**TASK TO CARRY OUT**
For each line below, check for the word "unfolding", then state how many lines contain it, with no other output.

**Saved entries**
────────────────

lemma card_pg_points_ge:
  assumes "2 \<le> CARD('n::finite)"
  shows "CARD('a::{field,finite}) + 1 \<le> card (pg_points :: ('a ^ 'n) set set)"
proof -
  obtain i0 i1 :: 'n where i: "i0 \<noteq> i1"
    using assms card_le_Suc0_iff_eq[of "UNIV :: 'n set"] by fastforce
  define line where "line v = {c *s v | c. True}" for v :: "'a ^ 'n"
  define e :: "'a ^ 'n" where "e = (\<chi> j. if j = i1 then 1 else 0)"
  define w :: "'a \<Rightarrow> 'a ^ 'n" where "w a = (\<chi> j. if j = i0 then 1 else if j = i1 then a else 0)" for a
  have "line v \<in> pg_points" if "v \<noteq> 0" for v unfolding pg_points_def line_def using that by blast
  moreover have "e \<noteq> 0" "w a \<noteq> 0" for a by (auto simp: e_def w_def vec_eq_iff)
  ultimately have sub: "insert (line e) (range (\<lambda>a. line (w a))) \<subseteq> pg_points" by blast
  have "inj (\<lambda>a. line (w a))"
  proof (rule injI)
    fix a b assume "line (w a) = line (w b)"
    then obtain c where "w a = c *s w b" using scalar_multiple_if_lines_eq unfolding line_def by blast
    then have "w a $ i0 = (c *s w b) $ i0" "w a $ i1 = (c *s w b) $ i1" by simp_all
    then have "1 = c" "a = c * b" using i by (simp_all add: w_def)
    then show "a = b" by simp
  qed
  moreover have "line e \<notin> range (\<lambda>a. line (w a))"
  proof
    assume "line e \<in> range (\<lambda>a. line (w a))"
    then obtain b c where "e = c *s w b" using scalar_multiple_if_lines_eq unfolding line_def by blast
    then have "e $ i0 = (c *s w b) $ i0" "e $ i1 = (c *s w b) $ i1" by simp_all
    then have "0 = c" "1 = c * b" using i by (simp_all add: w_def e_def)
    then show False by simp
  qed
  ultimately have "card (insert (line e) (range (\<lambda>a. line (w a)))) = CARD('a) + 1"
    by (simp add: card_image)
  then show ?thesis using card_mono[OF _ sub] by simp
qed

theorem proposition5p3:
  shows "(\<forall>(m::nat) (k::nat) (l::nat) (h :: nat \<Rightarrow> nat set \<Rightarrow> nat set).
            5 \<le> m \<and> 1 \<le> k \<and> 2 * k < m \<and> 2 \<le> l \<and> (\<forall>i<l. h i \<in> SymH m) \<and>
            ncycles (prod_perm l h) (prod_set l (ksubsets m k)) \<le> 4
            \<longrightarrow> prop53_concl l (ksubsets m k) h)
       \<and> (\<forall>(l::nat) (h :: nat \<Rightarrow> ('a::{field,finite} ^ 'n) set \<Rightarrow> ('a ^ 'n) set).
            2 \<le> CARD('n) \<and> 4 \<le> CARD('a) \<and> 2 \<le> l \<and> (\<forall>i<l. h i \<in> PGammaL) \<and>
            ncycles (prod_perm l h) (prod_set l pg_points) \<le> 4
            \<longrightarrow> prop53_concl l (pg_points :: ('a ^ 'n) set set) h)"
proof (intro conjI allI impI; elim conjE)
  fix m k l :: nat and h :: "nat \<Rightarrow> nat set \<Rightarrow> nat set"
  assume m: "5 \<le> m" and k: "1 \<le> k" "2 * k < m" and l: "2 \<le> l" and h: "\<forall>i<l. h i \<in> SymH m"
    and few: "ncycles (prod_perm l h) (prod_set l (ksubsets m k)) \<le> 4"
  have "4 < card (ksubsets m k)" using card_ksubsets_ge[OF k] m by linarith
  with l h few show "prop53_concl l (ksubsets m k) h"
    by (intro prop53_concl_if_ncycles_le_4) (auto intro: finite_perm_on_SymH)
next
  fix l :: nat and h :: "nat \<Rightarrow> ('a::{field,finite} ^ 'n) set \<Rightarrow> ('a ^ 'n) set"
  assume n: "2 \<le> CARD('n)" and q: "4 \<le> CARD('a)" and l: "2 \<le> l" and h: "\<forall>i<l. h i \<in> PGammaL"
    and few: "ncycles (prod_perm l h) (prod_set l pg_points) \<le> 4"
  have "4 < card (pg_points :: ('a ^ 'n) set set)" using card_pg_points_ge[where 'a = 'a, OF n] q by linarith
  with l h few show "prop53_concl l (pg_points :: ('a ^ 'n) set set) h"
    by (intro prop53_concl_if_ncycles_le_4) (auto intro: finite_perm_on_PGammaL)
qed

end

────────────────

**RESPONSE TO THIS TASK**
3